DATA:
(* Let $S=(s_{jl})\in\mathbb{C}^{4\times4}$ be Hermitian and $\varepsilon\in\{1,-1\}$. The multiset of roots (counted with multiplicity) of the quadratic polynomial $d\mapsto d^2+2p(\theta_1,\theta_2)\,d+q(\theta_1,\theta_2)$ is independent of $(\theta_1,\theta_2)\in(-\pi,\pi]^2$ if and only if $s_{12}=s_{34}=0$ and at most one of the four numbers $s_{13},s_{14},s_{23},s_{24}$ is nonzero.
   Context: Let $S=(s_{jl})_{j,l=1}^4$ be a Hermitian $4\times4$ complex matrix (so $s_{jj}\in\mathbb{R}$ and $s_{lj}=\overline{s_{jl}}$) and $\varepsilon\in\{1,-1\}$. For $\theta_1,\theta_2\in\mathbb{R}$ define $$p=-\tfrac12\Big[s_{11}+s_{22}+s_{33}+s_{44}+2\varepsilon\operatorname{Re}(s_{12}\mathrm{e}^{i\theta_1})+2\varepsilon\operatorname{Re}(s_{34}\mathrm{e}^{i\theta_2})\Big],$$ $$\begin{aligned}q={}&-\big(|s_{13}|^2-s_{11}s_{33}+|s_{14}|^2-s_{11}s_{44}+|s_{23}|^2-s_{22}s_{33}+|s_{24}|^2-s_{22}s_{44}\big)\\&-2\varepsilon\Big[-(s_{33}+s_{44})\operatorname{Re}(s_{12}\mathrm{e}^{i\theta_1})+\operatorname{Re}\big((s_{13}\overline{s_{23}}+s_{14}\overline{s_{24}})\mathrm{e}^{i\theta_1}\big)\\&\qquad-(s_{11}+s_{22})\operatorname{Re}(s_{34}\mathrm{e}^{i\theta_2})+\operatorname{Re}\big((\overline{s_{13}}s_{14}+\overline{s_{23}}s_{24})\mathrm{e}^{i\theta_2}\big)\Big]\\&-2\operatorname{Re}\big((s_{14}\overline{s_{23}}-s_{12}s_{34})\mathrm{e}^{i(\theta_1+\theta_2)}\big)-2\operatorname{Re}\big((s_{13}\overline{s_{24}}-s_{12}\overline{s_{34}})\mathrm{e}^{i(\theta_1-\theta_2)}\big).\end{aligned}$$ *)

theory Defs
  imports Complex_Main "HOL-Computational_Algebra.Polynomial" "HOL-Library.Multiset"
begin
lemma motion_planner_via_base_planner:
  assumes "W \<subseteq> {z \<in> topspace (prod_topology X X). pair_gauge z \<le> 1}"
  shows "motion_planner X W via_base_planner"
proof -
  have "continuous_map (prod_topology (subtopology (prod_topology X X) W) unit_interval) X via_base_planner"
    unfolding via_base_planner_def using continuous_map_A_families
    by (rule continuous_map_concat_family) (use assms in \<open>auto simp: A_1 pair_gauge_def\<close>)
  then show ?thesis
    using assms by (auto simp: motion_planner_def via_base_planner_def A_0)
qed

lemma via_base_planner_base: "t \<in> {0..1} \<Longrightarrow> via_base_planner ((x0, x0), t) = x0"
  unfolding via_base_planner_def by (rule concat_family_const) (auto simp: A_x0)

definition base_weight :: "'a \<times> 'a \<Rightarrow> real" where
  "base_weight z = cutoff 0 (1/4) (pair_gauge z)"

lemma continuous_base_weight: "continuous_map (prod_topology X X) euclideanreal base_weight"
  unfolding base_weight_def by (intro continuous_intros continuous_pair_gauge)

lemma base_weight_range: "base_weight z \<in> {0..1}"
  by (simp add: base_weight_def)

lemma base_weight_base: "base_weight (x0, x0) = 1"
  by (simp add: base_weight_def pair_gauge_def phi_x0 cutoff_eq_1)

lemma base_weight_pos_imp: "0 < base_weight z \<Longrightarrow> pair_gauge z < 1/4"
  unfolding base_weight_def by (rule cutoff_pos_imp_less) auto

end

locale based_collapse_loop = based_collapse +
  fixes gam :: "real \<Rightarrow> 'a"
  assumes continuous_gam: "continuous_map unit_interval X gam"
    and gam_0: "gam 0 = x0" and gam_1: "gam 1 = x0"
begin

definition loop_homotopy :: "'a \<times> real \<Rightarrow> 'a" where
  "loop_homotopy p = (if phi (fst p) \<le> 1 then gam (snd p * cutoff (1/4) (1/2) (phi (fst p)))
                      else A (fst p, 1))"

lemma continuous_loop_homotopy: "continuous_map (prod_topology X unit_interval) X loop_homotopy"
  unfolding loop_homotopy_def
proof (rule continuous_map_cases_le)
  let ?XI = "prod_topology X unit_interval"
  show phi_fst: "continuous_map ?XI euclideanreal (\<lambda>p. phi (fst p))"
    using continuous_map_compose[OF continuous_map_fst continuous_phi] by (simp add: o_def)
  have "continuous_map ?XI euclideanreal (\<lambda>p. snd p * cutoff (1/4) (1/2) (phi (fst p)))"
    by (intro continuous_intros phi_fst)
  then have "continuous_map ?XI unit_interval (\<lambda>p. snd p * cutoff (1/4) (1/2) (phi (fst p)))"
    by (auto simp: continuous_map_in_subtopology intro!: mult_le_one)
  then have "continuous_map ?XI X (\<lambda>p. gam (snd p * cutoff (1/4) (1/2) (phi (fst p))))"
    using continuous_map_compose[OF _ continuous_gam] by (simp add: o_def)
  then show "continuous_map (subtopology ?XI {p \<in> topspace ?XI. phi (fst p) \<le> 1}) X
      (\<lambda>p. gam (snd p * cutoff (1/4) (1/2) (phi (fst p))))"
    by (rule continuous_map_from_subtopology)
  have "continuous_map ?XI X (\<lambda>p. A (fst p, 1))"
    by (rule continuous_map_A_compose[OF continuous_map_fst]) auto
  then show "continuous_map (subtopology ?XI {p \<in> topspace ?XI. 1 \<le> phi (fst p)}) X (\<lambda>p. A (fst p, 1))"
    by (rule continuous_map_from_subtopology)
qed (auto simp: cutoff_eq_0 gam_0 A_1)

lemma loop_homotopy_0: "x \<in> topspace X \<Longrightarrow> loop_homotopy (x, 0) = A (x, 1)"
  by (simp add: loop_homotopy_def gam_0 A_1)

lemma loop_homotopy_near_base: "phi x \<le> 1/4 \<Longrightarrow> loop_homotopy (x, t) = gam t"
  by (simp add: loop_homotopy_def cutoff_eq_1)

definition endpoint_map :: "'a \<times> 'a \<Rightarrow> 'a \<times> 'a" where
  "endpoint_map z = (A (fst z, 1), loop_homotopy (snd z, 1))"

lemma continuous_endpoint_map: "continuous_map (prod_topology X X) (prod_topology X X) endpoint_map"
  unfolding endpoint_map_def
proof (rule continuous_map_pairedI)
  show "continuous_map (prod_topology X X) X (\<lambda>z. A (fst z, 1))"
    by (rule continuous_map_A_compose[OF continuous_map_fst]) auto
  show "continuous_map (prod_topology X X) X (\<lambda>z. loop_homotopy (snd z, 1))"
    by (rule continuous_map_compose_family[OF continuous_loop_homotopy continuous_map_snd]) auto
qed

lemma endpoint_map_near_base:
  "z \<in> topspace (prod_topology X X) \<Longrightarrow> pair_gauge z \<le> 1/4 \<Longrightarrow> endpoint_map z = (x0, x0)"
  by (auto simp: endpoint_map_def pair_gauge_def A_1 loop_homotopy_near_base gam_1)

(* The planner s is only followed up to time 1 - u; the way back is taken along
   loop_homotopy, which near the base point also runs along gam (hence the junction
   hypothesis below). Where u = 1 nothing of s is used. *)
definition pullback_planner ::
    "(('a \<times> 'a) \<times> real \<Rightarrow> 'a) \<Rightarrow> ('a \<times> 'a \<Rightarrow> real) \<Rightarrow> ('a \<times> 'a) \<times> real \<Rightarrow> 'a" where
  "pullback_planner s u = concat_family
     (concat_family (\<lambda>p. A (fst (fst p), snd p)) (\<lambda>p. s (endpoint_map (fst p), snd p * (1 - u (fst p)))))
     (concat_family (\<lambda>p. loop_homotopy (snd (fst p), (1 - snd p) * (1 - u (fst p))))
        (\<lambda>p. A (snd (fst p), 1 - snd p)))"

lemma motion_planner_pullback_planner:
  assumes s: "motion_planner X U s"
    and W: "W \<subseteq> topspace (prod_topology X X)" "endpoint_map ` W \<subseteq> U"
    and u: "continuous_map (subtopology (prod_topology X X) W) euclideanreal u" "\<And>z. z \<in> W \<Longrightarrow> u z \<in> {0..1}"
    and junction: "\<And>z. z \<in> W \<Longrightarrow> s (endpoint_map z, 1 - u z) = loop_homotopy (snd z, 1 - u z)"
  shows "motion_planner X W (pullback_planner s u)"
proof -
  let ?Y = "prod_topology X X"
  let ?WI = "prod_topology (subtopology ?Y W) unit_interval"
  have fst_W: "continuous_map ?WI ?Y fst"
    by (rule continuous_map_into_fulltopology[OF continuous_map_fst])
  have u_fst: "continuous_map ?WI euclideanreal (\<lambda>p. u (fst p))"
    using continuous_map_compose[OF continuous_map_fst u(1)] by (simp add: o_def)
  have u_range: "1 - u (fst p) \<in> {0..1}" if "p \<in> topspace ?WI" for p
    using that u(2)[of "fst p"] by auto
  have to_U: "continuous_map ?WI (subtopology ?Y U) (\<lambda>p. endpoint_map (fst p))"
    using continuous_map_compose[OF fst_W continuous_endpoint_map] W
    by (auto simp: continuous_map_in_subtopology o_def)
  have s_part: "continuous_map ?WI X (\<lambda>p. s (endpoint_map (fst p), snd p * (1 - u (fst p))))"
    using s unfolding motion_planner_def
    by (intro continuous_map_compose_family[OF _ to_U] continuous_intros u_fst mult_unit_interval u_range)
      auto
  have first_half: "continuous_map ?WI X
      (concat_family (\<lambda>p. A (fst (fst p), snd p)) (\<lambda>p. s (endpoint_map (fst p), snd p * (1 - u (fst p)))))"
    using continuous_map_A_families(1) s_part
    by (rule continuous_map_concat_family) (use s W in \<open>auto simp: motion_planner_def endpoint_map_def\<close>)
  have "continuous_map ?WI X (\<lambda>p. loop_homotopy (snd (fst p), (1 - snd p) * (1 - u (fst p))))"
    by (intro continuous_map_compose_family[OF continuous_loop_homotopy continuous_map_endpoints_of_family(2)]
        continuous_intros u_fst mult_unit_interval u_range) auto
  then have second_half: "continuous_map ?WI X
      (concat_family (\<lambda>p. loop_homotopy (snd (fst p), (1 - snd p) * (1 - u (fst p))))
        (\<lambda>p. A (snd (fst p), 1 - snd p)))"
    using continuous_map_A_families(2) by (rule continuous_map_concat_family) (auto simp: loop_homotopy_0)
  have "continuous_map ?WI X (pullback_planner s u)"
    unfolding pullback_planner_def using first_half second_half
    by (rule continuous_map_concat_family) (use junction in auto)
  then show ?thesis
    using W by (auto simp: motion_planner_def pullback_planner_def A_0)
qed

EXERCISE INSTRUCTIONS: What lines of the material above hold the string "junction"? Please copy them.

EXERCISE ANSWER:
   loop_homotopy, which near the base point also runs along gam (hence the junction
    and junction: "\<And>z. z \<in> W \<Longrightarrow> s (endpoint_map z, 1 - u z) = loop_homotopy (snd z, 1 - u z)"
    by (rule continuous_map_concat_family) (use junction in auto)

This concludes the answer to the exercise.